Determine the number of lines in these entries that hold the word "close". Give the number and nothing more.
##### EXTRACTED MATERIAL
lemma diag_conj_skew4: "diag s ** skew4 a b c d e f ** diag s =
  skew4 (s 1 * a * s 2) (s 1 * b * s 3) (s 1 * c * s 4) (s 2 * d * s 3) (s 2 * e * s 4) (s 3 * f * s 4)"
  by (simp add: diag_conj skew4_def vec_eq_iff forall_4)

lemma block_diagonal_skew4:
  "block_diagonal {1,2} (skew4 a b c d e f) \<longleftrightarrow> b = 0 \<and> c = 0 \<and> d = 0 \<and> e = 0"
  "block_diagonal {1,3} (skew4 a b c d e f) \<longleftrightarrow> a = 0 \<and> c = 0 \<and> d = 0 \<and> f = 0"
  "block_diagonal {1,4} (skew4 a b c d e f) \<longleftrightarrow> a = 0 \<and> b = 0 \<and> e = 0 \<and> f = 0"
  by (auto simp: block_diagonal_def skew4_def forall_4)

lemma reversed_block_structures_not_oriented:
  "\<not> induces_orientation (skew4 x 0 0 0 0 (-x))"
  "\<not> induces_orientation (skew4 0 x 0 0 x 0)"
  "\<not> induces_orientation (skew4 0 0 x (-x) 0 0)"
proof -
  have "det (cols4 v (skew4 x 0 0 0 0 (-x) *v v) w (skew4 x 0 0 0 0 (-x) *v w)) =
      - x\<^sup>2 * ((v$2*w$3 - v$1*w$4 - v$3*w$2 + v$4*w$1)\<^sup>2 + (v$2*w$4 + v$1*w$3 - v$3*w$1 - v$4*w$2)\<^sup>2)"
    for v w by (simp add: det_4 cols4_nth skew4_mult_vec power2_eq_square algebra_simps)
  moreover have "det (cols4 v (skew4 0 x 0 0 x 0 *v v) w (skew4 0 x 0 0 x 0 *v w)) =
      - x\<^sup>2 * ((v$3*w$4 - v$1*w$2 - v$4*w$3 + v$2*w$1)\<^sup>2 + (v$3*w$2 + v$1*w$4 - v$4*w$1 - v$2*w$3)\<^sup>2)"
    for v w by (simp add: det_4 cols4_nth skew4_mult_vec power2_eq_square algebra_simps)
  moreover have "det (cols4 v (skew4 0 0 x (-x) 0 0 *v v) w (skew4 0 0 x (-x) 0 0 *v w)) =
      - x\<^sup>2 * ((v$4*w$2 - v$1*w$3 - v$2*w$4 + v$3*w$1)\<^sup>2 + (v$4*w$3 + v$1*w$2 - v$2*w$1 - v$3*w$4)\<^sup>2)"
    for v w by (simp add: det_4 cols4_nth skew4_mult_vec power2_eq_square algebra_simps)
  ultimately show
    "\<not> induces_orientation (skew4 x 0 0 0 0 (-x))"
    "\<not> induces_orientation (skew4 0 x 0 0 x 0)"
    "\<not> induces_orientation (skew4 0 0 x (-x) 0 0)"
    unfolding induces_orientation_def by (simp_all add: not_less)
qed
##########
##### EXTRACTED MATERIAL
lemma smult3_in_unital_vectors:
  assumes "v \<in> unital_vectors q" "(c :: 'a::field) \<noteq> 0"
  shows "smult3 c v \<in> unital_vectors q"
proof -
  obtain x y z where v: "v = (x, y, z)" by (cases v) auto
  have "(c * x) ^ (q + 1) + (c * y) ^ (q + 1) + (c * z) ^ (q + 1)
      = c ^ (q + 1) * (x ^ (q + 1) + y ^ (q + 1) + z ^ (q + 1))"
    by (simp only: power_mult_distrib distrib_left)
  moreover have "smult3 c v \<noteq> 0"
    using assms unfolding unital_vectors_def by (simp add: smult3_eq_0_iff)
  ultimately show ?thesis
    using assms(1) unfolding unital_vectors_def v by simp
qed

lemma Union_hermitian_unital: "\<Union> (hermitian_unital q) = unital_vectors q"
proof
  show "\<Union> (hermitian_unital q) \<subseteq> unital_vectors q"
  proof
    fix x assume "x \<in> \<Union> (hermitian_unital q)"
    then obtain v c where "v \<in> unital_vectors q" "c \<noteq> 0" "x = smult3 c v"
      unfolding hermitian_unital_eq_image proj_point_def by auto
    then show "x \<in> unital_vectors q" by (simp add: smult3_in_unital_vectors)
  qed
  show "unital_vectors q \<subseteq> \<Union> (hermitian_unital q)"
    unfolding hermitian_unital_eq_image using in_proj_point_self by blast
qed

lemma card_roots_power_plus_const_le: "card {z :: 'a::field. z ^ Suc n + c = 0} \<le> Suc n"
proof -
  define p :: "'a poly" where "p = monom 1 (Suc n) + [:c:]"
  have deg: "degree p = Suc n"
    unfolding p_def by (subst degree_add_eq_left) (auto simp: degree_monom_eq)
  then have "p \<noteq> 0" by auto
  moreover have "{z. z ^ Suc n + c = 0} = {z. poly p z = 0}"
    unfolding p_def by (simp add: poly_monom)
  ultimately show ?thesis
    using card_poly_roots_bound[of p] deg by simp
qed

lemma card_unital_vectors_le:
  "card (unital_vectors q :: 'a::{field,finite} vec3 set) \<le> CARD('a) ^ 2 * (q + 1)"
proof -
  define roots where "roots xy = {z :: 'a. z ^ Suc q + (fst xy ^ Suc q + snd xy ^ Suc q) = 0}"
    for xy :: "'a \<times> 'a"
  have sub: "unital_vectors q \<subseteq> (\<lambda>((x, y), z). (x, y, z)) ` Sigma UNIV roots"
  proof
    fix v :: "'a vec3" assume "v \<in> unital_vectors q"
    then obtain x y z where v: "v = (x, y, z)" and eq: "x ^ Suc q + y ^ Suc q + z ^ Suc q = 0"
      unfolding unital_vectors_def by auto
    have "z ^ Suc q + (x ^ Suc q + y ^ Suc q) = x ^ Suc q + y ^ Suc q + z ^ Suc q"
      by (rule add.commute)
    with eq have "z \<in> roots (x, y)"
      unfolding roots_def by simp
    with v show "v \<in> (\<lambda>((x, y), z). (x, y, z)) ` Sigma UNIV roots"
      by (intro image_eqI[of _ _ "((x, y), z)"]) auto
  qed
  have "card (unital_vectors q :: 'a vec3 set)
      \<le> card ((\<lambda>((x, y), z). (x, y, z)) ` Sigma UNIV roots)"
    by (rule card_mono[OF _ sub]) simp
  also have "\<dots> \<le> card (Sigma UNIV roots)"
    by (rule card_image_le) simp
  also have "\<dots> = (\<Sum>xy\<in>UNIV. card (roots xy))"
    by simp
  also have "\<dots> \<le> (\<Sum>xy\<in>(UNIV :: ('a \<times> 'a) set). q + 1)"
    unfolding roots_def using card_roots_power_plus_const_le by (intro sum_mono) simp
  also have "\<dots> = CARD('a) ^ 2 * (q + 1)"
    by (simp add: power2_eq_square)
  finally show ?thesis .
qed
##########
##### EXTRACTED MATERIAL
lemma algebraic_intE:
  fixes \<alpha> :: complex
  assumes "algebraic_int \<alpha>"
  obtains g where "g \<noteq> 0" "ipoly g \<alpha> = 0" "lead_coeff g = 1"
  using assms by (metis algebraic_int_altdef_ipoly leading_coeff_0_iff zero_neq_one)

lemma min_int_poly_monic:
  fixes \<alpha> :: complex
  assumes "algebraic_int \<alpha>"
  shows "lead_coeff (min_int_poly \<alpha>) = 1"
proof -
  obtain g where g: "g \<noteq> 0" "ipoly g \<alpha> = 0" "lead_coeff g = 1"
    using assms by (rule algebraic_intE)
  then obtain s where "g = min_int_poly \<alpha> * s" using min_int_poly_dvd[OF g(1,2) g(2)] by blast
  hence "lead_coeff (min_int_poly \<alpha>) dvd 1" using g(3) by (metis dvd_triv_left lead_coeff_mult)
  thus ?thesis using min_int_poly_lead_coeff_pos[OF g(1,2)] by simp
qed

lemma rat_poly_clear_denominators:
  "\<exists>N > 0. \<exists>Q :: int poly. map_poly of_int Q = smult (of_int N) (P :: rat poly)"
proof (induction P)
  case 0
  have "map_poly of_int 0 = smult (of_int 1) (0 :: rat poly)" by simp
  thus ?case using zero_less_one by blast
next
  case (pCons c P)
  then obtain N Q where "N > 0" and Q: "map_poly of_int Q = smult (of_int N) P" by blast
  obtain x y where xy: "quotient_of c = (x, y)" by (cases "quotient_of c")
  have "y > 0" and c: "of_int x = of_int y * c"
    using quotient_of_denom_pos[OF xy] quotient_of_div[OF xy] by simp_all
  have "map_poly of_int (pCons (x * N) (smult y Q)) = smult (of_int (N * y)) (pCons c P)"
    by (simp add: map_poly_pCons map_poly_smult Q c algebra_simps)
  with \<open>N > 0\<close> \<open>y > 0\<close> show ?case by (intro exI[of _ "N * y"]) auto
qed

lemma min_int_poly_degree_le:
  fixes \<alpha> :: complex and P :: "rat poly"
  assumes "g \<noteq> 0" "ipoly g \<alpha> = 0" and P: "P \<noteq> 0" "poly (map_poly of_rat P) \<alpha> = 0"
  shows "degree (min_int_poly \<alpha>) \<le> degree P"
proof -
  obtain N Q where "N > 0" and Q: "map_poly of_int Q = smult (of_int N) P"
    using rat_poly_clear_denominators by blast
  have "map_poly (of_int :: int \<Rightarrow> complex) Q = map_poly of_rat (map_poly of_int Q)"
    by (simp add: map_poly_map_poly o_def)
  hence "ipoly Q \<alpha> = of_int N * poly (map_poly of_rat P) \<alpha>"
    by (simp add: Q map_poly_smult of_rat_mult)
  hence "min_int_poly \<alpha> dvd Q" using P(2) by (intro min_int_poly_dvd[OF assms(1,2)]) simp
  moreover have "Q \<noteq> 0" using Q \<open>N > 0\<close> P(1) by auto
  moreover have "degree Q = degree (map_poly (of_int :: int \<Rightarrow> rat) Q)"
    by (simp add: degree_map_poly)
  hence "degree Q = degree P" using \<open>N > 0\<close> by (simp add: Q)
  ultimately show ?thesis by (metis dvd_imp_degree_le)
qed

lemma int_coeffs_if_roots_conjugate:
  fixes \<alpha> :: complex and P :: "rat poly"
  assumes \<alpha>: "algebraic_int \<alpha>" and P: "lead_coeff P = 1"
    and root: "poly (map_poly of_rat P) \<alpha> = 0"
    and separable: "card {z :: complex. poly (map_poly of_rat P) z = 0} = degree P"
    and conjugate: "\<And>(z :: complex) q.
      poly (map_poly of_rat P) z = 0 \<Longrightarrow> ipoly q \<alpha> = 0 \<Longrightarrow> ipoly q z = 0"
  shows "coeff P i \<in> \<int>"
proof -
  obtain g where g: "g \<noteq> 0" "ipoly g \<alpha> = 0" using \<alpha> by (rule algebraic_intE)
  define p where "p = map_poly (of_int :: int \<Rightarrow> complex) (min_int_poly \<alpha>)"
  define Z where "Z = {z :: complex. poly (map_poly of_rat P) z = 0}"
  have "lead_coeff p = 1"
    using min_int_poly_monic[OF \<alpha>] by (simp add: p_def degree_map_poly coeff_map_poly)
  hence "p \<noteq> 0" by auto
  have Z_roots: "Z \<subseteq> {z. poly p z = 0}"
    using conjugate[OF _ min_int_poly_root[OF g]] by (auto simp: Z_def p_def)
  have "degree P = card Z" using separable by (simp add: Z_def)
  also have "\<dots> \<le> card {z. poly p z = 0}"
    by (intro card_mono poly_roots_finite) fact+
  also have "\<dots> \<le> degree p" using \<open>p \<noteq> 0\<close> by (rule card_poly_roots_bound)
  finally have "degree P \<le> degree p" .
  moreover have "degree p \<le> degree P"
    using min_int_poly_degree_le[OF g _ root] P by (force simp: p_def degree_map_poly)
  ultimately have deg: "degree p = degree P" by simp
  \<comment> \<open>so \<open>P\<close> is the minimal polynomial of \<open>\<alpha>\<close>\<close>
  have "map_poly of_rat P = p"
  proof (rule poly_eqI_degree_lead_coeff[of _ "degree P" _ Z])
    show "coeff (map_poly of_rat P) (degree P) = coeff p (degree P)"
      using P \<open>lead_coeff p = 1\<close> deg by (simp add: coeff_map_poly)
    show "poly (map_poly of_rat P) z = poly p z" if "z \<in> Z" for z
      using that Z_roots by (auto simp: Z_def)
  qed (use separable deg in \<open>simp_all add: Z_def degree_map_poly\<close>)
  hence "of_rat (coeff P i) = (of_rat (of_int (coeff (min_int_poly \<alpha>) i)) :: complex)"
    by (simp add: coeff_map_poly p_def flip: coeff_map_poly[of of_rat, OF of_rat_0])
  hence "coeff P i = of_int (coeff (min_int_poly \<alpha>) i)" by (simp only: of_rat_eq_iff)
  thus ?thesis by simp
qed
##########
EXPECTED ANSWER:
7